→ **Stored data**:
text \<open>1\<otimes>1 and 1\<otimes>g are 1-cocycles, since 1 and g are grouplike.\<close>
lemma grouplike_cocycle:
  assumes "b = One \<or> b = G"
  shows "(bv (E1, b) :: _ \<Rightarrow> 'k::field) \<in> Z1"
proof -
  have "mulEH (bv (E1, b)) (bv (E1, b)) = (oneEH :: _ \<Rightarrow> 'k)"
    using assms by (elim disjE; intro ext_eb_hb; simp add: coord_simps split: hb.split)
  moreover have "mulEHH (D2 (bv (E1, b))) (D0 (bv (E1, b))) = (D1 (bv (E1, b)) :: _ \<Rightarrow> 'k)"
  proof (rule ext_triple)
    fix z1 z2 z3
    show "mulEHH (D2 (bv (E1, b))) (D0 (bv (E1, b))) (z1, z2, z3) = (D1 (bv (E1, b)) (z1, z2, z3) :: 'k)"
      using assms by (cases z1; cases z2; cases z3) (auto simp: coord_simps)
  qed
  ultimately show ?thesis unfolding Z1_def unitsEH_def is_unit_alg_def by blast
qed

lemma cocycle_coord:
  assumes "X \<in> Z1"
  shows "mulEHH (D2 X) (D0 X) (e, a, b) = D1 X (e, a, b)"
  using assms by (simp add: Z1_def)

text \<open>The (E1,1) and (E1,g) coefficients of a cocycle are complementary idempotents,
  and the one that vanishes kills the corresponding h-coefficient as well.\<close>
lemma cocycle_leading_coeffs:
  fixes X :: "eb \<times> hb \<Rightarrow> 'k::field"
  assumes X: "X \<in> Z1"
  shows "(X (E1, One) = 1 \<and> X (E1, G) = 0 \<and> X (E1, GH) = 0)
       \<or> (X (E1, One) = 0 \<and> X (E1, G) = 1 \<and> X (E1, Hh) = 0)"
proof -
  obtain Y where "mulEH X Y = oneEH"
    using X by (auto simp: Z1_def unitsEH_def is_unit_alg_def)
  from fun_cong[OF this, of "(E1, One)"]
  have unit: "X (E1, One) * Y (E1, One) + X (E1, G) * Y (E1, G) = 1"
    by (simp add: coord_simps algebra_simps)
  note c = cocycle_coord[OF X]
  have idem_one: "X (E1, One) * X (E1, One) = X (E1, One)"
    using c[of E1 One One] by (simp add: coord_simps)
  have idem_g: "X (E1, G) * X (E1, G) = X (E1, G)"
    using c[of E1 G G] by (simp add: coord_simps)
  have orth: "X (E1, One) * X (E1, G) = 0" using c[of E1 One G] by (simp add: coord_simps)
  have orth_gh: "X (E1, One) * X (E1, GH) = 0" using c[of E1 One GH] by (simp add: coord_simps)
  have fix_h: "X (E1, One) * X (E1, Hh) = X (E1, Hh)" using c[of E1 One Hh] by (simp add: coord_simps)
  consider "X (E1, One) = 1" | "X (E1, One) = 0"
    using idem_one by (metis mult_cancel_right1 mult_zero_left)
  then show ?thesis
  proof cases
    case 1
    then show ?thesis using orth orth_gh by simp
  next
    case 2
    then have "X (E1, G) \<noteq> 0" using unit by auto
    then have "X (E1, G) = 1" using idem_g by (metis mult_cancel_right1)
    with 2 show ?thesis using fix_h by simp
  qed
qed

lemma cocycle_in_one_family:
  fixes X :: "eb \<times> hb \<Rightarrow> 'k::field"
  assumes X: "X \<in> Z1" and lead: "X (E1, One) = 1" "X (E1, G) = 0" "X (E1, GH) = 0"
  shows "X = one_family (X (E1, Hh))"
proof -
  note c = cocycle_coord[OF X]
  have "X (EH, One) = - X (E1, Hh)" "X (EH, G) = X (E1, Hh)"
       "X (EH, Hh) = - (X (E1, Hh) * X (E1, Hh))" "X (EH, GH) = 0"
    using c[of E1 Hh One] c[of E1 Hh G] c[of E1 Hh Hh] c[of E1 Hh GH] lead
    by (simp_all add: coord_simps algebra_simps eq_neg_iff_add_eq_0)
  with lead show ?thesis by (intro ext_eb_hb; simp add: one_family_def split: hb.split)
qed

lemma cocycle_in_g_family:
  fixes X :: "eb \<times> hb \<Rightarrow> 'k::field"
  assumes X: "X \<in> Z1" and lead: "X (E1, One) = 0" "X (E1, G) = 1" "X (E1, Hh) = 0"
  shows "X = g_family (X (E1, GH))"
proof -
  note c = cocycle_coord[OF X]
  have "X (EH, One) = X (E1, GH)" "X (EH, G) = - X (E1, GH)"
       "X (EH, Hh) = 0" "X (EH, GH) = - (X (E1, GH) * X (E1, GH))"
    using c[of E1 GH One] c[of E1 GH G] c[of E1 GH Hh] c[of E1 GH GH] lead
    by (simp_all add: coord_simps algebra_simps eq_neg_iff_add_eq_0)
  with lead show ?thesis by (intro ext_eb_hb; simp add: g_family_def split: hb.split)
qed

lemma Z1_classification:
  fixes X :: "eb \<times> hb \<Rightarrow> 'k::field"
  assumes "X \<in> Z1"
  shows "X \<in> range one_family \<or> X \<in> range g_family"
  using cocycle_leading_coeffs[OF assms] cocycle_in_one_family[OF assms]
    cocycle_in_g_family[OF assms] by blast

lemma H1_eq:
  "(H1 :: (eb \<times> hb \<Rightarrow> 'k::field) set set) = {orbit1 (bv (E1, One)), orbit1 (bv (E1, G))}"
proof (intro equalityI subsetI)
  fix Cls assume "Cls \<in> (H1 :: (eb \<times> hb \<Rightarrow> 'k) set set)"
  then obtain X where X: "X \<in> Z1" and Cls: "Cls = orbit1 X" by (auto simp: H1_def)
  from Z1_classification[OF X] show "Cls \<in> {orbit1 (bv (E1, One)), orbit1 (bv (E1, G))}"
  proof
    assume "X \<in> range one_family"
    then show ?thesis
      using Cls orbit_shift_family[OF one_family_gauge] orbit_one by auto
  next
    assume "X \<in> range g_family"
    then show ?thesis
      using Cls orbit_shift_family[OF g_family_gauge] orbit_g by auto
  qed
next
  fix Cls assume "Cls \<in> {orbit1 (bv (E1, One)), orbit1 (bv (E1, G)) :: (eb \<times> hb \<Rightarrow> 'k) set}"
  then show "Cls \<in> H1" using grouplike_cocycle unfolding H1_def by blast
qed

theorem proposition1p6:
  shows "(H0 :: (eb \<Rightarrow> 'k::field) set) = {(\<lambda>e. c * oneE e) | c. c \<noteq> 0}
    \<and> (H1 :: (eb \<times> hb \<Rightarrow> 'k::field) set set) = {orbit1 (bv (E1, One)), orbit1 (bv (E1, G))}
    \<and> orbit1 (bv (E1, One)) \<noteq> (orbit1 (bv (E1, G)) :: (eb \<times> hb \<Rightarrow> 'k) set)"
  using H0_eq H1_eq orbits_distinct by blast

end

→ **What is being asked**: Return, with no change at all, every line in the entries above from the line containing "One G] by (simp add: coord_simps)" through the line containing "Hh] by (simp add: coord_simps)".

→ **Task result**:
  have orth: "X (E1, One) * X (E1, G) = 0" using c[of E1 One G] by (simp add: coord_simps)
  have orth_gh: "X (E1, One) * X (E1, GH) = 0" using c[of E1 One GH] by (simp add: coord_simps)
  have fix_h: "X (E1, One) * X (E1, Hh) = X (E1, Hh)" using c[of E1 One Hh] by (simp add: coord_simps)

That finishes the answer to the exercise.